Regarding the "small" value (80), this has just changed (in August 2014).
See "Eclipse is not a terminal anymore – Default line size of Java code formatter is now 120"
(By Lars Vogel)
Project > Properties, Java Code Style > Formatter.
Edit tab Line Wrapping
A three-years old issue is finally addressed:
bug 356851: Default line size of Java code formatter should be increased to 120
It is not mentioned in the Eclipse Project 4.5 (Mars) M1 - New and Noteworthy, but it is still "Verified for 4.5 M1 using I20140804-2000 build".
I have a specific project where I need to wrap every code line at 65 characters. I have set up the eclipse Java code formatter properly for this. But what I really want is a vertical line to be drawn in the editor showing where the max line width while I am typing, not just when I run the formmater. I know this feature is available in some capacity because it is displayed in the code formatter property page.
I don't see any option in eclipse to turn this on and I didn't see any plug-ins that do it on Eclipse Plugin Central
Look in Windows / Preferences (at least on Windows - IIRC it moves around for different operating systems) then:
General -> Editors -> Text Editors -> Show Print Margin
Tick this and it should show the line.
As a quick way of finding this, use the search filter in the top and filter on "margin".
Notes from the comments - unverified by me, but I have no reason to doubt them:
It has changed somehow in 2016: For details see [here] (https://bugs.eclipse.org/bugs/show_bug.cgi?id=495490#c2) You have to set it in the formatter: From menu [Window]-->[Preferences], select [Java]-->[Code Style]-->[Formatter], and then edit your formatter profile. In the tab page [Line wrapping], you can find a setting named "Maximum line width". Change this setting, and the print margin in Java source editor will be changed too.
In Eclipse Luna (4.4):
Choose menu Window\Preference . Look at top-left corner, in search box type filter text, type: margin.
In section Apperance color option, Choose Print margin. Choose Show print margin. In text box Print margin column , type 65 as what you want.
#Jon Skeet's answer is incomplete.
(1/2) First, do what he said:
Window --> Preferences --> General --> Editors --> Text Editors --> check the box for Show Print Margin
Ticking this box will show the vertical line.
As a quick way of finding this, use the search filter in the top and filter on "margin".
However, this only shows the line, but under most situations the "Print margin column" value there is flat-out ignored.

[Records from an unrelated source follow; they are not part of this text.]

lemma set_integral_exp_mult_ge:
  fixes f g :: "'a \<Rightarrow> real"
  assumes "set_integrable M A (\<lambda>x. exp (t * f x))" and "set_integrable M A (\<lambda>x. exp (t * g x))"
    and "0 \<le> t" and "\<And>x. x \<in> A \<Longrightarrow> g x \<le> f x + \<epsilon>"
  shows "exp (- (t * \<epsilon>)) * (LINT x:A|M. exp (t * g x)) \<le> (LINT x:A|M. exp (t * f x))"
proof -
  have "exp (- (t * \<epsilon>)) * exp (t * g x) \<le> exp (t * f x)" if "x \<in> A" for x
  proof -
    have "t * g x \<le> t * (f x + \<epsilon>)"
      using assms(3) assms(4)[OF that] by (intro mult_left_mono)
    then show ?thesis
      by (simp add: algebra_simps flip: exp_add)
  qed
  then have "(LINT x:A|M. exp (- (t * \<epsilon>)) * exp (t * g x)) \<le> (LINT x:A|M. exp (t * f x))"
    using assms(1,2) by (intro set_integral_mono) auto
  then show ?thesis
    by simp
qed

lemma tendsto_expectation_of_tendsto_in_probability:
  fixes X :: "nat \<Rightarrow> 'a \<Rightarrow> real"
  assumes bounded: "\<forall>\<^sub>F N in sequentially. \<forall>s\<in>set_pmf (\<mu> N). \<bar>X N s - c\<bar> \<le> M"
    and in_prob: "\<And>\<epsilon>. \<epsilon> > 0 \<Longrightarrow> (\<lambda>N. measure_pmf.prob (\<mu> N) {s. \<bar>X N s - c\<bar> > \<epsilon>}) \<longlonglongrightarrow> 0"
  shows "(\<lambda>N. measure_pmf.expectation (\<mu> N) (X N)) \<longlonglongrightarrow> c"
  unfolding tendsto_iff
proof (intro allI impI)
  fix e :: real
  assume e: "e > 0"
  define bad where "bad N = {s. \<bar>X N s - c\<bar> > e / 2}" for N
  have small: "\<forall>\<^sub>F N in sequentially. measure_pmf.prob (\<mu> N) (bad N) < e / (2 * (\<bar>M\<bar> + 1))"
    using in_prob[of "e / 2"] e unfolding tendsto_iff bad_def by (auto dest!: spec[of _ "e / (2 * (\<bar>M\<bar> + 1))"])
  show "\<forall>\<^sub>F N in sequentially. dist (measure_pmf.expectation (\<mu> N) (X N)) c < e"
    using bounded small
  proof eventually_elim
    case (elim N)
    let ?E = "measure_pmf.expectation (\<mu> N)"
    have dominated: "\<bar>X N s - c\<bar> \<le> e / 2 + \<bar>M\<bar> * indicator (bad N) s" if "s \<in> set_pmf (\<mu> N)" for s
      using elim(1) that e by (auto simp: bad_def split: split_indicator)
    have int_X: "integrable (measure_pmf (\<mu> N)) (X N)"
    proof (rule measure_pmf.integrable_const_bound)
      show "AE s in measure_pmf (\<mu> N). norm (X N s) \<le> \<bar>c\<bar> + M"
        using elim(1) by (auto intro!: AE_pmfI)
    qed simp
    have int_dominating: "integrable (measure_pmf (\<mu> N)) (\<lambda>s. e / 2 + \<bar>M\<bar> * indicator (bad N) s)"
      by (rule measure_pmf.integrable_const_bound[where B = "e / 2 + \<bar>M\<bar>"])
         (use e in \<open>auto split: split_indicator\<close>)
    have "\<bar>?E (X N) - c\<bar> = \<bar>?E (\<lambda>s. X N s - c)\<bar>"
      using int_X by (simp add: Bochner_Integration.integral_diff measure_pmf.prob_space)
    also have "\<dots> \<le> ?E (\<lambda>s. \<bar>X N s - c\<bar>)"
      using integral_norm_bound[of "measure_pmf (\<mu> N)" "\<lambda>s. X N s - c"] by simp
    also have "\<dots> \<le> ?E (\<lambda>s. e / 2 + \<bar>M\<bar> * indicator (bad N) s)"
      using dominated int_X int_dominating by (intro integral_mono_AE) (auto intro!: AE_pmfI)
    also have "\<dots> = e / 2 + \<bar>M\<bar> * measure_pmf.prob (\<mu> N) (bad N)"
      by (subst Bochner_Integration.integral_add) (auto simp: measure_pmf.prob_space measure_pmf.emeasure_eq_measure)
    also have "\<dots> < e"
    proof -
      have "\<bar>M\<bar> * measure_pmf.prob (\<mu> N) (bad N) \<le> (\<bar>M\<bar> + 1) * measure_pmf.prob (\<mu> N) (bad N)"
        by (simp add: algebra_simps)
      also have "\<dots> < (\<bar>M\<bar> + 1) * (e / (2 * (\<bar>M\<bar> + 1)))"
        using elim(2) by (intro mult_strict_left_mono) auto
      also have "\<dots> = e / 2"
        by (simp add: field_simps add_nonneg_eq_0_iff)
      finally show ?thesis
        by simp
    qed
    finally show ?case
      by (simp add: dist_real_def)
  qed
qed

lemma eventually_le_real_mult_sequentially:
  fixes c d :: real
  assumes "0 < d"
  shows "\<forall>\<^sub>F N in sequentially. c \<le> real N * d"
proof -
  have "\<forall>\<^sub>F N in sequentially. c / d \<le> real N"
    using filterlim_real_sequentially by (simp add: filterlim_at_top)
  then show ?thesis
    by eventually_elim (use assms in \<open>simp add: pos_divide_le_eq\<close>)
qed

locale laplace_concentration =
  fixes K :: "'a::euclidean_space set"
    and \<Sigma> :: "nat \<Rightarrow> 's set"
    and FN :: "nat \<Rightarrow> 'a \<Rightarrow> 's \<Rightarrow> real"
    and F :: "'a \<Rightarrow> real"
    and B BF C1 C2 \<delta> :: real
  assumes K_compact: "compact K"
    and K_pos: "emeasure lebesgue K > 0"
    and FN_meas: "\<And>N s. s \<in> \<Sigma> N \<Longrightarrow> (\<lambda>p. FN N p s) \<in> borel_measurable lebesgue"
    and F_meas: "F \<in> borel_measurable lebesgue"
    and FN_bounded_on_K: "\<And>N p s. p \<in> K \<Longrightarrow> s \<in> \<Sigma> N \<Longrightarrow> \<bar>FN N p s\<bar> \<le> B"
    and F_bounded_on_K: "\<And>p. p \<in> K \<Longrightarrow> \<bar>F p\<bar> \<le> BF"
    and FN_less: "\<And>N p s. s \<in> \<Sigma> N \<Longrightarrow> FN N p s < C1"
    and nn_integral_exp_FN_less:
      "\<And>N s. s \<in> \<Sigma> N \<Longrightarrow> (\<integral>\<^sup>+ p. ennreal (exp (FN N p s)) \<partial>lebesgue) < ennreal C2"
    and gap_pos: "\<delta> > 0"
    and FN_gap: "\<And>N p s. s \<in> \<Sigma> N \<Longrightarrow> p \<notin> K \<Longrightarrow> FN N p s - (SUP q\<in>K. F q) < - \<delta>"
begin

definition sup_F :: real
  where "sup_F = (SUP p\<in>K. F p)"

definition Z :: "nat \<Rightarrow> 's \<Rightarrow> real"
  where "Z N s = (LINT p|lebesgue. exp (real N * FN N p s))"

definition Z_K :: "nat \<Rightarrow> 's \<Rightarrow> real"
  where "Z_K N s = (LINT p:K|lebesgue. exp (real N * FN N p s))"

definition Z_F :: "nat \<Rightarrow> real"
  where "Z_F N = (LINT p:K|lebesgue. exp (real N * F p))"

lemma K_lmeasurable: "K \<in> lmeasurable"
  using K_compact by (rule lmeasurable_compact)

lemma measure_K_pos: "0 < measure lebesgue K"
  using K_pos K_lmeasurable by (simp add: emeasure_eq_measure2)

lemma K_nonempty: "K \<noteq> {}"
  using measure_K_pos by auto

lemma F_le_sup_F: "p \<in> K \<Longrightarrow> F p \<le> sup_F"
  unfolding sup_F_def using F_bounded_on_K
  by (intro cSUP_upper bdd_aboveI2[of _ _ BF]) (auto simp: abs_le_iff)

lemma abs_sup_F_le: "\<bar>sup_F\<bar> \<le> BF"
proof -
  obtain p where p: "p \<in> K"
    using K_nonempty by blast
  have "sup_F \<le> BF"
    unfolding sup_F_def using F_bounded_on_K K_nonempty by (intro cSUP_least) (auto simp: abs_le_iff)
  moreover have "- BF \<le> sup_F"
    using F_le_sup_F[OF p] F_bounded_on_K[OF p] by linarith
  ultimately show ?thesis
    by linarith
qed

lemma set_integrable_on_K:
  fixes f :: "'a \<Rightarrow> real"
  assumes "f \<in> borel_measurable lebesgue" and "\<And>p. p \<in> K \<Longrightarrow> \<bar>f p\<bar> \<le> c"
  shows "set_integrable lebesgue K f"
  unfolding set_integrable_def using assms K_lmeasurable
  by (intro integrableI_bounded_set_indicator[where B = c]) (auto simp: fmeasurable_def)

lemma set_integrable_exp_mult_on_K:
  fixes f :: "'a \<Rightarrow> real"
  assumes "f \<in> borel_measurable lebesgue" and "\<And>p. p \<in> K \<Longrightarrow> \<bar>f p\<bar> \<le> c"
  shows "set_integrable lebesgue K (\<lambda>p. exp (real N * f p))"
proof (rule set_integrable_on_K)
  show "(\<lambda>p. exp (real N * f p)) \<in> borel_measurable lebesgue"
    using assms(1) by measurable
  show "\<bar>exp (real N * f p)\<bar> \<le> exp (real N * c)" if "p \<in> K" for p
    using assms(2)[OF that] by (simp add: mult_left_mono abs_le_iff)
qed

lemma
  assumes "s \<in> \<Sigma> N"
  shows integrable_exp_FN: "integrable lebesgue (\<lambda>p. exp (FN N p s))"
    and integral_exp_FN_le: "(\<integral>p. exp (FN N p s) \<partial>lebesgue) \<le> C2"
  using FN_meas[OF assms] nn_integral_exp_FN_less[OF assms]
  by (auto intro: integrable_of_nn_integral_less integral_le_of_nn_integral_less)

lemma C2_pos: "s \<in> \<Sigma> N \<Longrightarrow> 0 < C2"
  using nn_integral_exp_FN_less[of s N] by (auto simp: ennreal_neg intro: ccontr)

lemma integrable_exp_mult_FN:
  "1 \<le> N \<Longrightarrow> s \<in> \<Sigma> N \<Longrightarrow> integrable lebesgue (\<lambda>p. exp (real N * FN N p s))"
  using FN_less by (intro integrable_exp_mult[where c = C1] integrable_exp_FN FN_meas) (auto intro: less_imp_le)

lemma Z_K_le_Z:
  assumes "1 \<le> N" and "s \<in> \<Sigma> N"
  shows "Z_K N s \<le> Z N s"
proof -
  have "K \<in> sets lebesgue"
    using K_lmeasurable by auto
  then have "integrable lebesgue (\<lambda>p. indicator K p * exp (real N * FN N p s))"
    using integrable_mult_indicator[OF _ integrable_exp_mult_FN[OF assms]] by simp
  then show ?thesis
    unfolding Z_K_def Z_def set_lebesgue_integral_def
    using integrable_exp_mult_FN[OF assms] by (intro integral_mono) (auto simp: indicator_def)
qed

lemma Z_le_Z_K_add:
  assumes "1 \<le> N" and "s \<in> \<Sigma> N"
  shows "Z N s \<le> Z_K N s + C2 * exp ((real N - 1) * (sup_F - \<delta>))"
proof -
  have "FN N p s \<le> sup_F - \<delta>" if "p \<notin> K" for p
    using FN_gap[OF assms(2) that] unfolding sup_F_def by linarith
  then have "Z N s \<le> Z_K N s + exp ((real N - 1) * (sup_F - \<delta>)) * (\<integral>p. exp (FN N p s) \<partial>lebesgue)"
    unfolding Z_def Z_K_def using assms K_lmeasurable
    by (intro integral_exp_mult_le_set_integral integrable_exp_FN integrable_exp_mult_FN) auto
  also have "\<dots> \<le> Z_K N s + exp ((real N - 1) * (sup_F - \<delta>)) * C2"
    using integral_exp_FN_le[OF assms(2)] by simp
  finally show ?thesis
    by (simp add: mult.commute)
qed

lemma Z_le:
  assumes "1 \<le> N" and "s \<in> \<Sigma> N"
  shows "Z N s \<le> C2 * exp ((real N - 1) * C1)"
proof -
  have "Z N s \<le> exp ((real N - 1) * C1) * (\<integral>p. exp (FN N p s) \<partial>lebesgue)"
    unfolding Z_def using assms FN_less[OF assms(2)]
    by (intro integral_exp_mult_le integrable_exp_FN integrable_exp_mult_FN) (auto simp: less_imp_le)
  also have "\<dots> \<le> exp ((real N - 1) * C1) * C2"
    using integral_exp_FN_le[OF assms(2)] by simp
  finally show ?thesis
    by (simp add: mult.commute)
qed

lemma set_integral_exp_mult_ge_measure:
  fixes f :: "'a \<Rightarrow> real"
  assumes "f \<in> borel_measurable lebesgue" and "\<And>p. p \<in> K \<Longrightarrow> \<bar>f p\<bar> \<le> c"
  shows "measure lebesgue K * exp (- (real N * c)) \<le> (LINT p:K|lebesgue. exp (real N * f p))"
proof -
  have "0 \<le> c"
    using K_nonempty assms(2) by (force intro: order.trans[OF abs_ge_zero])
  then have "exp (- (real N * 0)) * (LINT p:K|lebesgue. exp (real N * - c))
               \<le> (LINT p:K|lebesgue. exp (real N * f p))"
    using assms
    by (intro set_integral_exp_mult_ge set_integrable_exp_mult_on_K[where c = c])
       (force simp: abs_le_iff)+
  then show ?thesis
    by (simp add: set_integral_const[OF fmeasurableD[OF K_lmeasurable]
          fmeasurableD2[OF K_lmeasurable, folded infinity_ennreal_def]])
qed

lemma Z_K_ge: "s \<in> \<Sigma> N \<Longrightarrow> measure lebesgue K * exp (- (real N * B)) \<le> Z_K N s"
  unfolding Z_K_def using FN_meas FN_bounded_on_K by (intro set_integral_exp_mult_ge_measure)

lemma Z_F_pos: "0 < Z_F N"
proof -
  have "measure lebesgue K * exp (- (real N * BF)) \<le> Z_F N"
    unfolding Z_F_def using F_meas F_bounded_on_K by (intro set_integral_exp_mult_ge_measure)
  then show ?thesis
    using measure_K_pos by (meson exp_gt_zero less_le_trans mult_pos_pos)
qed

lemma Z_K_pos: "s \<in> \<Sigma> N \<Longrightarrow> 0 < Z_K N s"
  using Z_K_ge[of s N] measure_K_pos by (meson exp_gt_zero less_le_trans mult_pos_pos)

lemma B_nonneg: "s \<in> \<Sigma> N \<Longrightarrow> 0 \<le> B"
  using K_nonempty FN_bounded_on_K by (force intro: order.trans[OF abs_ge_zero])

lemma Z_pos: "1 \<le> N \<Longrightarrow> s \<in> \<Sigma> N \<Longrightarrow> 0 < Z N s"
  using Z_K_pos Z_K_le_Z by (meson less_le_trans)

To set the column number for where the line should be, do what #John Percival Hackworth mentions here:
(2/2) Go to:
Window --> Preferences --> C/C++ [or whatever language you are using] --> Code Style --> Formatter --> click Edit --> under the Line Wrapping tab set the value you desire for Maximum line width.
Side note:
Use Alt + Shift + Y to toggle soft line wrapping on and off. It will soft wrap (ie: no carriage return) at the end of the screen, however, not at the column you set above.

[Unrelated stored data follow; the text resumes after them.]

(* Let $(q(t),p(t))$ be an orbit of $X_H$ in rotating coordinates. If $(q_1+\mu)p_2-q_2p_1>\mu(q_1+\mu)$ along the orbit, then the curve $q(t)$ is retrograde with respect to $e(t)$. If $(q_1+\mu)p_2-q_2p_1<\mu(q_1+\mu)$ along the orbit, then it is direct.
   Context: For $\mu\in[0,1]$, $H(q,p)=\tfrac12|p|^2+q_1p_2-q_2p_1-\frac{1-\mu}{|q+(\mu,0)|}-\frac{\mu}{|q-(1-\mu,0)|}$ on $(\mathbb{R}^2\setminus\{(-\mu,0),(1-\mu,0)\})\times\mathbb{R}^2$, with $\dot q=\partial H/\partial p$, $\dot p=-\partial H/\partial q$. Let $R_t=\begin{pmatrix}\cos t&-\sin t\\ \sin t&\cos t\end{pmatrix}$. Sidereal coordinates are $\bar q(t)=R_{-t}q(t)$, and $\bar e(t)=R_{-t}(-\mu,0)$ (with $e(t)$ the corresponding point $(-\mu,0)$ in rotating coordinates). A path is called retrograde with respect to $e(t)$ if the angle $\phi(t)=\arg\big(\bar q_1(t)-\bar e_1(t)+i(\bar q_2(t)-\bar e_2(t))\big)$ is increasing, and prograde (direct) if it is decreasing. *)

theory Defs
  imports "HOL-Analysis.Analysis"
begin

text \<open>Points of the plane are pairs of reals (real \<times> real, with its Euclidean
inner product and norm).  The two primaries sit at (-mu,0) and (1-mu,0).\<close>

definition H :: "real \<Rightarrow> real \<times> real \<Rightarrow> real \<times> real \<Rightarrow> real" where
  "H mu q p =
     (fst p ^ 2 + snd p ^ 2) / 2 + fst q * snd p - snd q * fst p
     - (1 - mu) / norm (q + (mu, 0)) - mu / norm (q - (1 - mu, 0))"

How do you enforce hard line wrapping at the column you set above (ie: that adds a carriage return)? I don't know yet. If you figure it out let me know. In Sublime Text 3 (a much better editor but with a much worse indexer/function definition finder :() it's Alt + Q.
Update: I think it may be possible with the "CppStyle" plugin, which uses clang-format, by using Ctrl + Shift + F to apply the auto-format, but I don't know the exact instructions to make it work yet.
Related:
Set tab width: Changing editor tab width in eclipse 3.5
After some months with Espressif, but also with other brands plugged-in Eclipse, I found how to enlarge maximum line width. I made a lot of attempts and show how to do for Espressif-IDE:
Right click a project->properties->C/C++ General->Formatter
->Enable Project specific settings->
New->Give your profile a name and base it on a built-in formatter: I choose BSD/Allman->Edit this new profile->within Line Wrapping tab type for example 200 for Maximum line width->Apply changes.
Format source files: you'll have long lines.
Before I did the same manouvres starting from:
Window->Preferences->C/C++->code Style->Formatter... : that never worked.